Chronic PainMind BodyPatient’s VoiceRemedies

Meditation is very popular practice all around the globe. Meditation is a way to keep your mind fit, the same way a gym trainer would train the body to be fit.

  Meditation is used as an umbrella term. There are many forms of meditation. Just as exercise is an umbrella term, and there are a number of different exercises you can do. It is a group of related activities. You can choose one technique and focus on mastering that, or you can practice multiple until you’ve mastered all forms of mediation.

So how do you go about practicing mediation? And what is the point?

  Many think that the point of meditation is about emptying the mind. This couldn’t be further from the truth. Meditation is about focusing on the Here and Now.

What does that mean?

If you really think about it, many of our thoughts, angers and worries stem from thoughts of the past, and thoughts of the future. Meditation encourages your focus to be on right now, right at this moment. And what is happening right at this moment? You are breathing. Meditation uses a focus on breath because nothing is more current than your lungs filling with air and emptying at that moment. When we meditate, we temporarily let go of the past (which we cannot  change) and the future (which is still unknown) and bask in the present; a place and time that is real and current, and that we often forget to appreciate.

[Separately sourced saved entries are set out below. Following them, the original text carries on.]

lemma blocked_if_built:
  assumes "1 \<le> i" "i \<le> m" "1 \<le> j" "j \<le> n" "\<not> C i j"
  shows "blocked m n (add_house C i j) i j"
  using ES assms unfolding ES_def resistant_predators_def in_grid_def by blast

lemma empty_lot_interior:
  assumes "1 \<le> i" "i \<le> m" "1 \<le> j" "j \<le> n" "\<not> C i j"
  shows "2 \<le> j" "j < n" "i < m"
  using blocked_if_built[OF assms] assms
  unfolding blocked_def occ_def in_grid_def add_house_def by auto

lemma empty_lot_neighbours:
  assumes "1 \<le> i" "i \<le> m" "1 \<le> j" "j \<le> n" "\<not> C i j"
  shows "C i (j - 1)" "C i (j + 1)" "C (Suc i) j"
  using blocked_if_built[OF assms] assms
  unfolding blocked_def occ_def in_grid_def add_house_def by auto

lemma house_above_empty:
  assumes "1 \<le> a" "Suc a \<le> m" "1 \<le> p" "p \<le> n" "\<not> C (Suc a) p"
  shows "C a p"
  using empty_lot_neighbours(3)[of a p] assms by auto

lemma last_row_full: "1 \<le> m \<Longrightarrow> 1 \<le> j \<Longrightarrow> j \<le> n \<Longrightarrow> C m j"
  using empty_lot_interior(3)[of m j] by auto

lemma first_column_full: "1 \<le> i \<Longrightarrow> i \<le> m \<Longrightarrow> 1 \<le> n \<Longrightarrow> C i 1"
  using empty_lot_interior(1)[of i 1] by fastforce

lemma altruist_cases:
  assumes "1 \<le> i" "i \<le> m" "1 \<le> j" "j \<le> n" "\<not> C i j"
  shows "3 \<le> j \<and> i < m \<and> C i (j - 2) \<and> C i (j - 1) \<and> C (Suc i) (j - 1)
       \<or> j + 2 \<le> n \<and> i < m \<and> C i (j + 1) \<and> C i (j + 2) \<and> C (Suc i) (j + 1)
       \<or> 2 \<le> i \<and> C (i - 1) (j - 1) \<and> C (i - 1) j \<and> C (i - 1) (j + 1)"
proof -
  obtain i' j' where occupied: "occ m n C i' j'" and b: "blocked m n (add_house C i j) i' j'"
    using ES assms unfolding ES_def resistant_altruists_def in_grid_def by blast
  have "(i', j') \<noteq> (i, j)"
    using occupied assms unfolding occ_def by auto
  then have "(i', j' - 1) = (i, j) \<or> (i', j' + 1) = (i, j) \<or> (i' + 1, j') = (i, j)"
    using b not_blocked[of i' j'] unfolding blocked_def occ_def add_house_def
    by (auto split: if_splits)
  then show ?thesis
  proof (elim disjE)
    assume "(i', j' - 1) = (i, j)"
    then have "i' = i" "j' = j + 1"
      using b unfolding blocked_def by auto
    then show ?thesis
      using b occupied unfolding blocked_def occ_def add_house_def in_grid_def by auto
  next
    assume "(i', j' + 1) = (i, j)"
    then have "i' = i" "j = j' + 1"
      by auto
    then show ?thesis
      using b occupied unfolding blocked_def occ_def add_house_def in_grid_def
      by (auto simp: numeral_2_eq_2 numeral_3_eq_3)
  next
    assume "(i' + 1, j') = (i, j)"
    then have "i = i' + 1" "j' = j"
      by auto
    then show ?thesis
      using b occupied unfolding blocked_def occ_def add_house_def in_grid_def by auto
  qed
qed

When you can focus on the present, the past seems less significant, and the future is full of endless possibilities. The idea of good things or bad things happening is irrelevant. The understanding is that things happen, and things will always happen. Good or bad is a label we attribute to the situation based on thoughts of the past and our own ideas for the future. This is where our minds often become stuck in a loop.

Our minds are like hamsters on a hamster wheel. They can run all day and all night. But in the end, they aren’t really going anywhere. When our minds are filled with situations and circumstances, things that have been and things that could be, we are running and not really going anywhere. We have no control over most of the things that occupy our minds. And that is why, by using meditation techniques, you can focus on what you do have control over. You can focus on what is relevant. The Here and Now.

The mind is what runs the body. Meditation does not only promote mental health and awareness of yourself and the world around you, it has many physical befits as well. There have been many studies that show the positive effects of meditation on the body and its different systems. For example, meditation combats stress. Stress on its own can affect blood pressure, heart rate, sleep, pain, and anxiety


Meditation promotes:

  • better quality of sleep
  • lower blood pressure
  • improved blood circulation
  • a lower resting heart rate
  • less anxiety
  • slower respiratory rate
Mediation has even been known to be useful in weight loss, smoking cessation, and pain management when used in combination with other treatments.

While there are a number of forms of meditation techniques, they all share in the theme of focus. Any technique you choose will be difficult at first. We have spent our entire lives allowing our minds to run free. Getting your mind to focus without thoughts racing through will take practice and persistence.

Concentration Meditation:

This form of meditation involves focusing on one single point for concentration. This can be your breath, repeating a sound, listening to a repetitive gong etc. The purpose of this form of meditation is that is offers you something to refocus back on when your mind wanders into thoughts. Instead of giving in to the random thoughts crowding your mind, you acknowledge them, and then let them go, going back to your point of focus.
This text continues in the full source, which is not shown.